Я решила отныне не спускать глаз с детей. Не счесть, сколько раз на следующей неделе мы уединялись с миссис Гроуз и в страшном волнении и тревоге обсуждали все заново. Хотя уже в тот первый воскресный вечер многое было переговорено, позднее, глубокой ночью – думаю, само собой понятно, что мне было не до сна, – у меня возникло ощущение, что миссис Гроуз о чем-то умалчивает. Я не скрыла от нее ничего, но моя наперсница, похоже, была не до конца откровенна. Скорее всего, она не пыталась что-то скрыть, просто каждой из нас было чего бояться. Сегодня, когда я возвращаюсь памятью к тем дням, мне кажется, что еще до того, как в небе поднялось утреннее солнце, я уже постигла зловещий смысл обрушившихся на нас событий, который полностью раскрылся лишь впоследствии, когда разразилась трагедия. И прежде всего я отчетливо представила себе этого страшного человека, каким он был при жизни, – о нем мертвом можно было пока не думать, – представила, что происходило в те долгие месяцы, пока он жил в усадьбе. Черным временам его господства пришел конец, когда ранним зимним утром по дороге в усадьбу работник из деревни наткнулся на окоченевшее тело Питера Квинта. По всей видимости, смерть наступила в результате несчастного случая – на голове покойного темнела кровавая рана. Скорее всего – к такому заключению в конце концов пришло следствие, – Квинт упал и расшиб себе голову, когда поздним вечером в непроглядной тьме возвращался из пивной. По роковой случайности он поскользнулся на крутом обледенелом склоне, куда невесть как забрел в темноте, – у его подножия он так и остался лежать. Скользкий склон, незнакомая дорога, ночная темнота и опьянение – все это вполне правдоподобно объясняло случившееся, – в конце концов так и порешили после дознания и бесконечных пересудов. Но в прошлом этого человека были и гораздо более странные обстоятельства – загадочные поездки, рискованные предприятия, тайные недуги и известные многим пороки – они-то и заставляли задуматься.

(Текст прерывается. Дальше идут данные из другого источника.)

(* Let $\mathcal{A}\in\mathbb{C}^{n\times n\times n\times n}$ be a CPS tensor. Then $\langle X,\mathcal{A}X\rangle\ge0$ for all Hermitian positive semidefinite $X\in\mathbb{C}^{n\times n}$ if and only if $\langle X,\mathcal{A}X\rangle\ge0$ for all real symmetric positive semidefinite $X\in\mathbb{R}^{n\times n}$.
   Context: A tensor $\mathcal{A}\in\mathbb{C}^{n\times n\times n\times n}$ is conjugate partial-symmetric (CPS) if $\mathcal{A}_{ijkl}=\overline{\mathcal{A}_{klij}}$ and $\mathcal{A}_{ijkl}=\mathcal{A}_{jikl}=\mathcal{A}_{ijlk}$ for all indices. For $X\in\mathbb{C}^{n\times n}$, $\langle X,\mathcal{A}X\rangle=\sum_{i,j,k,l}\mathcal{A}_{ijkl}X_{kl}\overline{X_{ij}}$. *)

theory Defs
  imports "HOL-Analysis.Analysis" "HOL-Library.Complex_Order"
begin

text \<open>Fourth-order tensors in C^{n x n x n x n}, index set the finite type 'n.
  The order on complex numbers (HOL-Library.Complex_Order): z \<ge> 0 iff z is real and nonnegative.\<close>

type_synonym 'n tensor4 = "'n \<Rightarrow> 'n \<Rightarrow> 'n \<Rightarrow> 'n \<Rightarrow> complex"

definition CPS :: "('n::finite) tensor4 \<Rightarrow> bool" where
  "CPS A \<longleftrightarrow> (\<forall>i j k l. A i j k l = cnj (A k l i j) \<and> A i j k l = A j i k l \<and> A i j k l = A i j l k)"

definition tform :: "('n::finite) tensor4 \<Rightarrow> complex^'n^'n \<Rightarrow> complex" where
  "tform A X = (\<Sum>i\<in>UNIV. \<Sum>j\<in>UNIV. \<Sum>k\<in>UNIV. \<Sum>l\<in>UNIV. A i j k l * X $ k $ l * cnj (X $ i $ j))"

definition hermitian_psd :: "complex^'n^'n \<Rightarrow> bool" where
  "hermitian_psd X \<longleftrightarrow> (\<forall>i j. X $ i $ j = cnj (X $ j $ i)) \<and>
     (\<forall>v :: complex^'n. (\<Sum>i\<in>UNIV. \<Sum>j\<in>UNIV. cnj (v $ i) * X $ i $ j * v $ j) \<ge> 0)"

definition real_sym_psd :: "real^'n^'n \<Rightarrow> bool" where
  "real_sym_psd X \<longleftrightarrow> (\<forall>i j. X $ i $ j = X $ j $ i) \<and>
     (\<forall>v :: real^'n. (\<Sum>i\<in>UNIV. \<Sum>j\<in>UNIV. v $ i * X $ i $ j * v $ j) \<ge> 0)"

definition cmat_of_real :: "real^'n^'n \<Rightarrow> complex^'n^'n" where
  "cmat_of_real X = (\<chi> i j. complex_of_real (X $ i $ j))"

end

theory Submission
  imports Defs
begin

text \<open>The imaginary part of a Hermitian matrix is antisymmetric, so it is annihilated by any
  symmetric weight. Since a CPS tensor is symmetric in each index pair, the form \<open>\<langle>X, \<A>X\<rangle>\<close> of a
  Hermitian \<open>X\<close> equals that of its real part \<open>Re X\<close>, and \<open>Re X\<close> is real symmetric positive
  semidefinite whenever \<open>X\<close> is Hermitian positive semidefinite (test it on real vectors).
  Conversely a real symmetric positive semidefinite matrix is a Hermitian positive semidefinite one.\<close>

definition mat_Re :: "complex^'n^'m \<Rightarrow> real^'n^'m" where
  "mat_Re X = (\<chi> i j. Re (X $ i $ j))"

lemma double_sum_symmetric_hermitian_eq_Re:
  fixes f Y :: "'a \<Rightarrow> 'a \<Rightarrow> complex"
  assumes f_sym: "\<And>i j. f i j = f j i" and Y_herm: "\<And>i j. Y i j = cnj (Y j i)"
  shows "(\<Sum>i\<in>S. \<Sum>j\<in>S. f i j * Y i j) = (\<Sum>i\<in>S. \<Sum>j\<in>S. f i j * complex_of_real (Re (Y i j)))"
proof -
  let ?S = "\<Sum>i\<in>S. \<Sum>j\<in>S. f i j * Y i j"
  have swapped: "?S = (\<Sum>i\<in>S. \<Sum>j\<in>S. f i j * Y j i)"
    by (subst sum.swap) (simp add: f_sym)
  have "2 * ?S = (\<Sum>i\<in>S. \<Sum>j\<in>S. f i j * (Y i j + Y j i))"
    by (subst mult_2, subst (2) swapped) (simp add: sum.distrib[symmetric] distrib_left)
  also have "\<dots> = (\<Sum>i\<in>S. \<Sum>j\<in>S. f i j * (2 * complex_of_real (Re (Y i j))))"
  proof -
    have "Y i j + Y j i = 2 * complex_of_real (Re (Y i j))" for i j
      using complex_add_cnj[of "Y i j"] Y_herm[of j i] by simp
    then show ?thesis by simp
  qed
  also have "\<dots> = 2 * (\<Sum>i\<in>S. \<Sum>j\<in>S. f i j * complex_of_real (Re (Y i j)))"
    by (simp add: sum_distrib_left algebra_simps)
  finally show ?thesis by simp
qed

lemma tform_hermitian_eq_tform_mat_Re:
  fixes A :: "('n::finite) tensor4"
  assumes "CPS A" and X_herm: "\<And>i j. X $ i $ j = cnj (X $ j $ i)"
  shows "tform A X = tform A (cmat_of_real (mat_Re X))"
proof -
  have sym_kl: "A i j k l = A i j l k" and sym_ij: "A i j k l = A j i k l" for i j k l
    using \<open>CPS A\<close> unfolding CPS_def by blast+
  define B where "B i j = (\<Sum>k\<in>UNIV. \<Sum>l\<in>UNIV. A i j k l * X $ k $ l)" for i j
  have B_Re: "B i j = (\<Sum>k\<in>UNIV. \<Sum>l\<in>UNIV. A i j k l * complex_of_real (Re (X $ k $ l)))" for i j
    unfolding B_def using sym_kl X_herm by (rule double_sum_symmetric_hermitian_eq_Re)
  have B_sym: "B i j = B j i" for i j
    unfolding B_def using sym_ij by simp
  have "tform A X = (\<Sum>i\<in>UNIV. \<Sum>j\<in>UNIV. B i j * cnj (X $ i $ j))"
    unfolding tform_def B_def by (simp add: sum_distrib_right mult.assoc)
  also have "\<dots> = (\<Sum>i\<in>UNIV. \<Sum>j\<in>UNIV. B i j * complex_of_real (Re (cnj (X $ i $ j))))"
    using B_sym by (rule double_sum_symmetric_hermitian_eq_Re) (rule arg_cong[where f=cnj], rule X_herm)
  also have "\<dots> = tform A (cmat_of_real (mat_Re X))"
    unfolding tform_def cmat_of_real_def mat_Re_def B_Re by (simp add: sum_distrib_right mult.assoc)
  finally show ?thesis .
qed

lemma hermitian_psd_cmat_of_real:
  fixes X :: "real^'n^'n"
  assumes "real_sym_psd X"
  shows "hermitian_psd (cmat_of_real X)"
  unfolding hermitian_psd_def
proof (intro conjI allI)
  have X_sym: "\<And>i j. X $ i $ j = X $ j $ i"
    and X_psd: "\<And>v. (\<Sum>i\<in>UNIV. \<Sum>j\<in>UNIV. v $ i * X $ i $ j * v $ j) \<ge> 0"
    using assms unfolding real_sym_psd_def by blast+
  show "cmat_of_real X $ i $ j = cnj (cmat_of_real X $ j $ i)" for i j
    unfolding cmat_of_real_def using X_sym by simp
  fix v :: "complex^'n"
  define a where "a = (\<chi> i. Re (v $ i))"
  define b where "b = (\<chi> i. Im (v $ i))"
  let ?q = "\<lambda>u w. \<Sum>i\<in>UNIV. \<Sum>j\<in>UNIV. X $ i $ j * (u $ i * w $ j)"
  let ?S = "\<Sum>i\<in>UNIV. \<Sum>j\<in>UNIV. cnj (v $ i) * cmat_of_real X $ i $ j * v $ j"
  have Re_S: "Re ?S = ?q a a + ?q b b"
    unfolding a_def b_def cmat_of_real_def
    by (simp add: Re_sum sum.distrib[symmetric] algebra_simps)
  have Im_S: "Im ?S = ?q a b - ?q b a"
    unfolding a_def b_def cmat_of_real_def
    by (simp add: Im_sum sum_subtractf[symmetric] algebra_simps)
  have "?q b a = ?q a b"
    by (subst sum.swap) (simp add: X_sym mult.commute)
  moreover have "?q a a \<ge> 0" "?q b b \<ge> 0"
    using X_psd[of a] X_psd[of b] by (simp_all add: algebra_simps)
  ultimately show "?S \<ge> 0"
    unfolding less_eq_complex_def using Re_S Im_S by simp
qed

lemma real_sym_psd_mat_Re:
  fixes X :: "complex^'n^'n"
  assumes "hermitian_psd X"
  shows "real_sym_psd (mat_Re X)"
  unfolding real_sym_psd_def
proof (intro conjI allI)
  have X_herm: "\<And>i j. X $ i $ j = cnj (X $ j $ i)"
    and X_psd: "\<And>v. (\<Sum>i\<in>UNIV. \<Sum>j\<in>UNIV. cnj (v $ i) * X $ i $ j * v $ j) \<ge> 0"
    using assms unfolding hermitian_psd_def by blast+
  show "mat_Re X $ i $ j = mat_Re X $ j $ i" for i j
    using X_herm[of i j] by (simp add: mat_Re_def)
  fix v :: "real^'n"
  have "0 \<le> Re (\<Sum>i\<in>UNIV. \<Sum>j\<in>UNIV. cnj ((\<chi> i. complex_of_real (v $ i)) $ i) * X $ i $ j
                                       * (\<chi> i. complex_of_real (v $ i)) $ j)"
    using X_psd[of "\<chi> i. complex_of_real (v $ i)"] unfolding less_eq_complex_def by simp
  then show "0 \<le> (\<Sum>i\<in>UNIV. \<Sum>j\<in>UNIV. v $ i * mat_Re X $ i $ j * v $ j)"
    by (simp add: Re_sum mat_Re_def)
qed

theorem corollary5p4:
  fixes A :: "('n::finite) tensor4"
  assumes "CPS A"
  shows "(\<forall>X :: complex^'n^'n. hermitian_psd X \<longrightarrow> tform A X \<ge> 0) \<longleftrightarrow>
         (\<forall>X :: real^'n^'n. real_sym_psd X \<longrightarrow> tform A (cmat_of_real X) \<ge> 0)"
proof
  assume "\<forall>X :: complex^'n^'n. hermitian_psd X \<longrightarrow> tform A X \<ge> 0"
  then show "\<forall>X :: real^'n^'n. real_sym_psd X \<longrightarrow> tform A (cmat_of_real X) \<ge> 0"
    using hermitian_psd_cmat_of_real by blast
next
  assume real_nonneg: "\<forall>X :: real^'n^'n. real_sym_psd X \<longrightarrow> tform A (cmat_of_real X) \<ge> 0"
  show "\<forall>X :: complex^'n^'n. hermitian_psd X \<longrightarrow> tform A X \<ge> 0"
  proof (intro allI impI)
    fix X :: "complex^'n^'n"
    assume X: "hermitian_psd X"
    then have "tform A X = tform A (cmat_of_real (mat_Re X))"
      using \<open>CPS A\<close> tform_hermitian_eq_tform_mat_Re unfolding hermitian_psd_def by blast
    then show "tform A X \<ge> 0"
      using real_nonneg real_sym_psd_mat_Re[OF X] by simp
  qed
qed

end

Признаюсь, что в растерянности ищу и не нахожу слов, способных правдиво передать то, что творилось в моей душе. Ибо в те дни, как ни дико это звучит, я почти ликовала от сознания, что исполнение долга требовало от меня героических поступков, незаурядного самообладания. Я возомнила, что призвана к служению трудному и благородному. О, как было бы великолепно, если бы стало известно – там, где должны знать! – о моей победе в нелегком бою, где многие другие потерпели бы поражение. Не стану кривить душой, предстоявшее испытание – я и сегодня, оглядываясь на прошлое, удивляюсь своей наивности – рисовалось мне в ту пору ясным и простым. Долг требовал защитить и спасти прелестных осиротевших малюток, чья трогательная беспомощность пронзала преданное сердце острой непреходящей жалостью. Здесь, в усадьбе, мы жили отрезанные от остального мира, и грозящая опасность сближала нас. Кроме гувернантки, никто не мог защитить детей, а у нее – у нее были только они. Короче говоря, возникла необычайная ситуация, и суть ее воплощалась для меня в конкретном и зримом образе: я должна стать щитом и заслонить собою детей. Чем больше увижу я, тем меньше достанется им. Терзаемая мрачными предчувствиями, я стала наблюдать за детьми, скрывая свое волнение, и если бы ожидание затянулось слишком надолго, то я не могла бы поручиться за свой рассудок. Меня спасла быстрая смена событий. Нас захватил вихрь, который принес страшные испытания. Да, испытания с того самого момента, когда я приняла вызов.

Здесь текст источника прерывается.